The way I see it: Pharmacy flu shots hurt doctors - Extra revenues we depend on are lost to large corporate pharmacy chains. - Medical Economics | Practice Management
Medical Economics
The way I see it: Pharmacy flu shots hurt doctors
Extra revenues we depend on are lost to large corporate pharmacy chains.


Medical Economics

Until recently, the coming of the flu season was a boon to my practice's bottom line. Indeed, beginning in October, my waiting room would fill with patients who'd made appointments to be vaccinated against that season's strain.

Then, in 2004, the national vaccine shortage hit, and I administered decidedly fewer shots. This past October, the same thing happened—very few patients came in seeking flu shots. The problem wasn't a shortage of flu vaccine, but a move by local pharmacists, and the corporate entities that employ them, to administer flu shots themselves, thereby siphoning off extra revenues that primary care doctors like me have come to depend on.
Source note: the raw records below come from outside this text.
lemma pos_def_subspace_orthonormal_basis:
  fixes C :: "'a::euclidean_space \<Rightarrow> 'a \<Rightarrow> real"
  assumes C: "sym_bilinear_form C"
  shows "pos_def_subspace C S \<Longrightarrow> dim S = n \<Longrightarrow>
    \<exists>v. v ` {..<n} \<subseteq> S \<and> orthonormal_family C n v"
proof (induction n arbitrary: S)
  case 0
  then show ?case
    by (simp add: orthonormal_family_def)
next
  case (Suc n)
  have bl: "bilinear C"
    using C by (rule sym_bilinear_form_bilinear)
  have S: "subspace S"
    using Suc.prems(1) by (simp add: pos_def_subspace_def)
  obtain x where x: "x \<in> S" "x \<noteq> 0"
    using Suc.prems(2) dim_eq_0[of S] by auto
  have "C x x > 0"
    using Suc.prems(1) x by (simp add: pos_def_subspace_def)
  define e where "e = (1 / sqrt (C x x)) *\<^sub>R x"
  have e: "e \<in> S" "C e e = 1"
    using x S \<open>C x x > 0\<close> by (simp_all add: e_def subspace_scale bl bilinear_simps
        real_sqrt_mult[symmetric])
  define S' where "S' = {y \<in> S. C e y = 0}"
  have S': "subspace S'"
    using S by (auto simp: S'_def subspace_def bl bilinear_simps)
  have "pos_def_subspace C S'"
    using Suc.prems(1) S' by (auto simp: pos_def_subspace_def S'_def)
  have "span (insert e S') = S"
  proof
    show "span (insert e S') \<subseteq> S"
      using S e by (intro span_minimal) (auto simp: S'_def)
    show "S \<subseteq> span (insert e S')"
    proof
      fix y assume "y \<in> S"
      then have "y - C e y *\<^sub>R e \<in> S'"
        using S e by (simp add: S'_def subspace_diff subspace_scale bl bilinear_simps)
      then show "y \<in> span (insert e S')"
        by (auto simp: span_breakdown_eq intro: span_base)
    qed
  qed
  moreover have "e \<notin> span S'"
    using S' e by (simp add: span_eq_iff[THEN iffD2, OF S']) (simp add: S'_def)
  ultimately have "dim S' = n"
    using Suc.prems(2) dim_span[of "insert e S'"] by (simp add: dim_insert)
  then obtain v' where v': "v' ` {..<n} \<subseteq> S'" "orthonormal_family C n v'"
    using Suc.IH[OF \<open>pos_def_subspace C S'\<close>] by blast
  have "C e (v' i) = 0" "C (v' i) e = 0" if "i < n" for i
    using v'(1) that sym_bilinear_form_commute[OF C, of e] by (auto simp: S'_def)
  then have "orthonormal_family C (Suc n) (v'(n := e))"
    using v'(2) e(2) by (auto simp: orthonormal_family_def less_Suc_eq)
  moreover have "(v'(n := e)) ` {..<Suc n} \<subseteq> S"
    using v'(1) e(1) by (auto simp: S'_def lessThan_Suc)
  ultimately show ?case
    by blast
qed

lemma span_pairE:
  assumes "x \<in> span {a, b}"
  obtains s t where "x = s *\<^sub>R a + t *\<^sub>R b"
proof -
  obtain s where "x - s *\<^sub>R a \<in> span {b}"
    using assms by (auto simp: span_breakdown_eq)
  then obtain t where "x - s *\<^sub>R a = t *\<^sub>R b"
    by (auto simp: span_singleton)
  then show ?thesis
    using that[of s t] by (simp add: algebra_simps)
qed

lemma pos_def_subspace_span_singleton:
  assumes "sym_bilinear_form C" "C e e > 0"
  shows "pos_def_subspace C (span {e})"
  using pos_def_subspace_span_insert[OF assms(1), of "{}" e] assms(2)
  by (simp add: pos_def_subspace_def)

lemma signature_on_pos_def_subspace:
  fixes C :: "'a::euclidean_space \<Rightarrow> 'a \<Rightarrow> real"
  assumes W: "subspace W" and pos: "pos_def_subspace C W"
  shows "signature_on W C 0 (dim W)"
  unfolding signature_on_def
proof (intro conjI allI impI ballI)
  have C_pos: "C x x > 0" if "x \<in> W" "x \<noteq> 0" for x
    using pos that by (simp add: pos_def_subspace_def)
  show "x = 0" if "x \<in> W" "\<forall>y\<in>W. C x y = 0" for x
    using C_pos[of x] that by force
  show "\<exists>N\<subseteq>W. neg_def_subspace C N \<and> dim N = 0"
    using subspace_0[OF W] by (intro exI[of _ "{0}"]) (auto simp: neg_def_subspace_def subspace_0)
  show "dim N \<le> 0" if "N \<subseteq> W \<and> neg_def_subspace C N" for N
  proof -
    have "N \<subseteq> {0}"
      using that C_pos by (force simp: neg_def_subspace_def)
    then show ?thesis
      using dim_subset[of N "{0}"] by simp
  qed
  show "\<exists>P\<subseteq>W. pos_def_subspace C P \<and> dim P = dim W"
    using pos by blast
  show "dim P \<le> dim W" if "P \<subseteq> W \<and> pos_def_subspace C P" for P
    using that by (simp add: dim_subset)
qed

lemma pos_def_subspace_of_signature_on:
  fixes C :: "'a::euclidean_space \<Rightarrow> 'a \<Rightarrow> real"
  assumes "subspace W" "signature_on W C p (dim W)"
  shows "pos_def_subspace C W"
proof -
  obtain P where P: "P \<subseteq> W" "pos_def_subspace C P" "dim P = dim W"
    using assms(2) unfolding signature_on_def by blast
  then have "P = W"
    using assms(1) subspace_dim_equal[of P W] by (simp add: pos_def_subspace_def)
  then show ?thesis
    using P(2) by simp
qed

lemma plane_of_type_timelike_iff: "plane_of_type C 2 0 e1 e2 \<longleftrightarrow> plane_of_type (- C) 0 2 e1 e2"
  by (simp add: plane_of_type_def signature_on_uminus)

lemma plane_of_type_spacelike_pos_def:
  "plane_of_type C 0 2 e1 e2 \<Longrightarrow> pos_def_subspace C (span {e1, e2})"
  unfolding plane_of_type_def using pos_def_subspace_of_signature_on[of "span {e1, e2}" C 0]
  by simp

lemma orthogonal_pair_dim:
  fixes C :: "'a::euclidean_space \<Rightarrow> 'a \<Rightarrow> real"
  assumes "bilinear C" "C e1 e2 = 0" "C e1 e1 \<noteq> 0" "C e2 e2 \<noteq> 0"
  shows "dim {e1, e2} = 2"
  using dim_insert_orthogonal[OF assms(1), of "{}" e2] dim_insert_orthogonal[OF assms(1), of "{e2}" e1]
    assms by simp

lemma orthogonal_pair_spacelike:
  fixes C :: "'a::euclidean_space \<Rightarrow> 'a \<Rightarrow> real"
  assumes C: "sym_bilinear_form C" and "C e1 e2 = 0" "C e1 e1 > 0" "C e2 e2 > 0"
  shows "plane_of_type C 0 2 e1 e2"
proof -
  have "pos_def_subspace C (span {e1, e2})"
    using pos_def_subspace_span_insert[OF C pos_def_subspace_span_singleton[OF C]] assms by simp
  moreover have "dim {e1, e2} = 2"
    using orthogonal_pair_dim[OF sym_bilinear_form_bilinear[OF C]] assms by simp
  ultimately show ?thesis
    using signature_on_pos_def_subspace[of "span {e1, e2}" C] by (simp add: plane_of_type_def)
qed

lemma orthogonal_pair_mixed:
  fixes C :: "'a::euclidean_space \<Rightarrow> 'a \<Rightarrow> real"
  assumes C: "sym_bilinear_form C" and orth: "C e1 e2 = 0" and neg: "C e1 e1 < 0" and pos: "C e2 e2 > 0"
  shows "plane_of_type C 1 1 e1 e2"
proof -
  have bl: "bilinear C"
    using C by (rule sym_bilinear_form_bilinear)
  have orth': "C e2 e1 = 0"
    using orth sym_bilinear_form_commute[OF C] by metis
  let ?W = "span {e1, e2}"
  have dim2: "dim ?W = 2"
    using orthogonal_pair_dim[OF bl orth] neg pos by simp
  have dim_lt: "dim N < 2" if "subspace N" "N \<subseteq> ?W" "e \<in> ?W" "e \<notin> N" for N e
    using dim_psubset[of N ?W] that dim2 span_eq_iff[of N] by (metis dim_span psubsetI span_span)
  have "signature_on ?W C 1 1"
    unfolding signature_on_def
  proof (intro conjI allI impI ballI)
    show "x = 0" if x_span: "x \<in> ?W" and x_orth: "\<forall>y\<in>?W. C x y = 0" for x
    proof -
      obtain s t where x: "x = s *\<^sub>R e1 + t *\<^sub>R e2"
        using x_span by (rule span_pairE)
      have "C x e1 = 0" "C x e2 = 0"
        using x_orth by (simp_all add: span_base)
      then have "s * C e1 e1 = 0" "t * C e2 e2 = 0"
        using orth orth' by (simp_all add: x bl bilinear_simps)
      then show ?thesis
        using neg pos x by simp
    qed
    show "\<exists>N\<subseteq>?W. neg_def_subspace C N \<and> dim N = 1"
      using pos_def_subspace_span_singleton[OF sym_bilinear_form_uminus[OF C], of e1] neg
      by (intro exI[of _ "span {e1}"]) (auto simp: neg_def_subspace_iff_pos_def span_mono bl bilinear_simps)
    show "\<exists>P\<subseteq>?W. pos_def_subspace C P \<and> dim P = 1"
      using pos_def_subspace_span_singleton[OF C, of e2] pos
      by (intro exI[of _ "span {e2}"]) (auto simp: span_mono bl bilinear_simps)
    show "dim N \<le> 1" if "N \<subseteq> ?W \<and> neg_def_subspace C N" for N
    proof -
      have "e2 \<notin> N"
        using that pos by (auto simp: neg_def_subspace_def bl bilinear_simps)
      then show ?thesis
        using dim_lt[of N e2] that by (simp add: neg_def_subspace_def span_base)
    qed
    show "dim P \<le> 1" if "P \<subseteq> ?W \<and> pos_def_subspace C P" for P
    proof -
      have "e1 \<notin> P"
        using that neg by (auto simp: pos_def_subspace_def bl bilinear_simps)
      then show ?thesis
        using dim_lt[of P e1] that by (simp add: pos_def_subspace_def span_base)
    qed
  qed
  then show ?thesis
    using dim2 by (simp add: plane_of_type_def)
qed

section \<open>Adapted frames and the swap operator\<close>

definition orth_compl_proj :: "('a::real_vector \<Rightarrow> 'a \<Rightarrow> real) \<Rightarrow> nat \<Rightarrow> (nat \<Rightarrow> 'a) \<Rightarrow> 'a \<Rightarrow> 'a" where
  "orth_compl_proj C n v x = x - (\<Sum>i<n. C x (v i) *\<^sub>R v i)"

lemma linear_orth_compl_proj: "bilinear C \<Longrightarrow> linear (orth_compl_proj C n v)"
  by (rule linearI) (simp_all add: orth_compl_proj_def bilinear_simps scaleR_add_left
      sum.distrib scaleR_sum_right algebra_simps)

lemma orth_compl_proj_orthogonal:
  assumes C: "sym_bilinear_form C" and v: "orthonormal_family C n v" and "j < n"
  shows "C (orth_compl_proj C n v x) (v j) = 0"
proof -
  have bl: "bilinear C"
    using C by (rule sym_bilinear_form_bilinear)
  have "C (\<Sum>i<n. C x (v i) *\<^sub>R v i) (v j) = (\<Sum>i<n. C x (v i) * C (v i) (v j))"
    by (simp add: bl bilinear_simps)
  also have "\<dots> = (\<Sum>i<n. if i = j then C x (v j) else 0)"
    using v \<open>j < n\<close> by (intro sum.cong) (auto simp: orthonormal_family_def)
  finally show ?thesis
    using \<open>j < n\<close> by (simp add: orth_compl_proj_def bl bilinear_simps)
qed
(* Let $G,H$ be non-discrete unimodular lcsc compactly generated groups and let $(\Omega,X_G,X_H,\mu)$ be a measure equivalence coupling between them satisfying properties (P1) and (P3) below. Then there is a constant $K'>0$ (independent of $f$ and $p$) such that for every $p\ge1$ and every $f\in\mathrm{L}^p(H)$ with support of finite measure, $$\int_{X_G}\|f_x\|_p^p\,d\nu_G(x)\ge K'\|f\|_p^p.$$
   Context: Measure equivalence coupling: measure space $(\Omega,\mu)$ with commuting measure-preserving $G$- and $H$-actions (written $\ast$), subsets $X_G,X_H$ with finite measures $\nu_G,\nu_H$ such that $(g,x)\mapsto g\ast x$ is a measure space isomorphism $(G\times X_G,\lambda_G\otimes\nu_G)\to(\Omega,\mu)$ and likewise for $H\times X_H$. Induced action: $g\cdot x$ is the unique point of $(H\ast g\ast x)\cap X_H$ ($g\in G,x\in X_H$), cocycle $\alpha(g,x)\ast g\ast x=g\cdot x$; symmetrically $H\curvearrowright X_G$ with cocycle $\beta$. $R^G_Y(x)=\{g: g\cdot x\in Y\}$, $R^H_Y(x)=\{h:h\cdot x\in Y\}$. (P1): there is $C>0$ with $\nu_G|_{X_G\cap X_H}=C\nu_H|_{X_G\cap X_H}$ and $\nu_G(X_G\cap X_H)>0$. (P3): for a.e. $x\in X_H$, $\alpha(\cdot,x)\colon(R^G_{X_G\cap X_H}(x),\lambda_G)\to(\alpha(R^G_{X_G\cap X_H}(x),x),\lambda_H)$ is measure preserving, and for a.e. $x\in X_G$, $\beta(\cdot,x)\colon(R^H_{X_G\cap X_H}(x),\lambda_H)\to(\beta(R^H_{X_G\cap X_H}(x),x),\lambda_G)$ is measure preserving. Given $f\colon H\to\mathbb{R}$, $\tilde f(h\ast x)=f(h^{-1})$ ($h\in H$, $x\in X_H$) and $f_x(g)=\tilde f(g\ast x)$ for $x\in X_G$, $g\in G$. *)

theory Defs
  imports "HOL-Analysis.Analysis"
begin

text \<open>Groups are written additively (class group_add is not necessarily commutative);
  the inverse of g is -g.\<close>

definition add_subgroup :: "'g::group_add set \<Rightarrow> bool" where
  "add_subgroup S \<longleftrightarrow> 0 \<in> S \<and> (\<forall>x\<in>S. \<forall>y\<in>S. x + y \<in> S) \<and> (\<forall>x\<in>S. - x \<in> S)"

definition generated_subgroup :: "'g::group_add set \<Rightarrow> 'g set" where
  "generated_subgroup K = \<Inter> {S. K \<subseteq> S \<and> add_subgroup S}"

definition lcsc_cg_nondiscrete :: "'g::{topological_group_add, t2_space, second_countable_topology} itself \<Rightarrow> bool" where
  "lcsc_cg_nondiscrete _ \<longleftrightarrow>
     locally_compact_space (euclidean :: 'g topology)
   \<and> (\<exists>K::'g set. compact K \<and> generated_subgroup K = UNIV)
   \<and> \<not> (\<forall>x::'g. open {x})"

definition haar_measure :: "'g::topological_group_add measure \<Rightarrow> bool" where
  "haar_measure lam \<longleftrightarrow>
     sets lam = sets borel
   \<and> (\<forall>g. \<forall>A\<in>sets borel. emeasure lam ((\<lambda>x. g + x) ` A) = emeasure lam A)
   \<and> (\<forall>K. compact K \<longrightarrow> emeasure lam K < \<infinity>)
   \<and> (\<forall>U. open U \<and> U \<noteq> {} \<longrightarrow> emeasure lam U > 0)"

definition unimodular_haar :: "'g::topological_group_add measure \<Rightarrow> bool" where
  "unimodular_haar lam \<longleftrightarrow> haar_measure lam
   \<and> (\<forall>g. \<forall>A\<in>sets borel. emeasure lam ((\<lambda>x. x + g) ` A) = emeasure lam A)"

definition mp_action :: "'g::group_add measure \<Rightarrow> 'w measure \<Rightarrow> ('g \<Rightarrow> 'w \<Rightarrow> 'w) \<Rightarrow> bool" where
  "mp_action lam mu act \<longleftrightarrow>
     (\<forall>g. \<forall>w\<in>space mu. act g w \<in> space mu)
   \<and> (\<forall>w\<in>space mu. act 0 w = w)
   \<and> (\<forall>g g'. \<forall>w\<in>space mu. act (g + g') w = act g (act g' w))
   \<and> (\<lambda>(g, w). act g w) \<in> measurable (lam \<Otimes>\<^sub>M mu) mu
   \<and> (\<forall>g. \<forall>A\<in>sets mu. emeasure mu (act g -` A \<inter> space mu) = emeasure mu A)"

definition fundamental_iso :: "'g measure \<Rightarrow> 'w measure \<Rightarrow> ('g \<Rightarrow> 'w \<Rightarrow> 'w) \<Rightarrow> 'w set \<Rightarrow> 'w measure \<Rightarrow> bool" where
  "fundamental_iso lam mu act X nu \<longleftrightarrow>
     X \<in> sets mu
   \<and> space nu = X \<and> sets nu = sets (restrict_space mu X)
   \<and> emeasure nu X < \<infinity>
   \<and> bij_betw (\<lambda>(g, x). act g x) (UNIV \<times> X) (space mu)
   \<and> (\<lambda>(g, x). act g x) \<in> measurable (lam \<Otimes>\<^sub>M nu) mu
   \<and> the_inv_into (UNIV \<times> X) (\<lambda>(g, x). act g x) \<in> measurable mu (lam \<Otimes>\<^sub>M nu)
   \<and> distr (lam \<Otimes>\<^sub>M nu) mu (\<lambda>(g, x). act g x) = mu"

definition me_coupling ::
  "'g::group_add measure \<Rightarrow> 'h::group_add measure \<Rightarrow> 'w measure \<Rightarrow>
   ('g \<Rightarrow> 'w \<Rightarrow> 'w) \<Rightarrow> ('h \<Rightarrow> 'w \<Rightarrow> 'w) \<Rightarrow> 'w set \<Rightarrow> 'w measure \<Rightarrow> 'w set \<Rightarrow> 'w measure \<Rightarrow> bool" where
  "me_coupling lamG lamH mu actG actH XG nuG XH nuH \<longleftrightarrow>
     mp_action lamG mu actG \<and> mp_action lamH mu actH
   \<and> (\<forall>g h. \<forall>w\<in>space mu. actG g (actH h w) = actH h (actG g w))
   \<and> fundamental_iso lamG mu actG XG nuG
   \<and> fundamental_iso lamH mu actH XH nuH"

definition ind_act :: "('g \<Rightarrow> 'w \<Rightarrow> 'w) \<Rightarrow> ('h \<Rightarrow> 'w \<Rightarrow> 'w) \<Rightarrow> 'w set \<Rightarrow> 'g \<Rightarrow> 'w \<Rightarrow> 'w" where
  "ind_act actG actH XH g x = (THE y. y \<in> XH \<and> (\<exists>h. y = actH h (actG g x)))"

definition cocycle :: "('g \<Rightarrow> 'w \<Rightarrow> 'w) \<Rightarrow> ('h \<Rightarrow> 'w \<Rightarrow> 'w) \<Rightarrow> 'w set \<Rightarrow> 'g \<Rightarrow> 'w \<Rightarrow> 'h" where
  "cocycle actG actH XH g x = (THE h. actH h (actG g x) \<in> XH)"

definition return_set :: "('g \<Rightarrow> 'w \<Rightarrow> 'w) \<Rightarrow> ('h \<Rightarrow> 'w \<Rightarrow> 'w) \<Rightarrow> 'w set \<Rightarrow> 'w set \<Rightarrow> 'w \<Rightarrow> 'g set" where
  "return_set actG actH XH Y x = {g. ind_act actG actH XH g x \<in> Y}"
Consider the actions of my local Tom Thumb Food & Pharmacy, a division of Safeway, headquartered in Pleasanton, CA. This pharmacy employs two pharmacists who've become qualified to administer injections, including but not limited to the influenza vaccine. In fact, within less than a month last fall, I understand, they'd administered more than 1,000 flu shots. If one assumes a $25 charge per immunization, that comes to a staggering $25,000 in extra revenue—revenue that would've otherwise gone into the pockets of the area's primary care doctors.

And that's the picture at only one local pharmacy. Safeway operates 62 Tom Thumb stores, 60 of which include pharmacies. And there are other grocery and discount chains doing the same—as well as pharmacy giants like CVS, Walgreens, and Sav-on. If they're adhering to the same corporate mandate—and, in the case of the Tom Thumb stores at least, there's no reason to think they aren't—that compounds the problem for physicians manyfold.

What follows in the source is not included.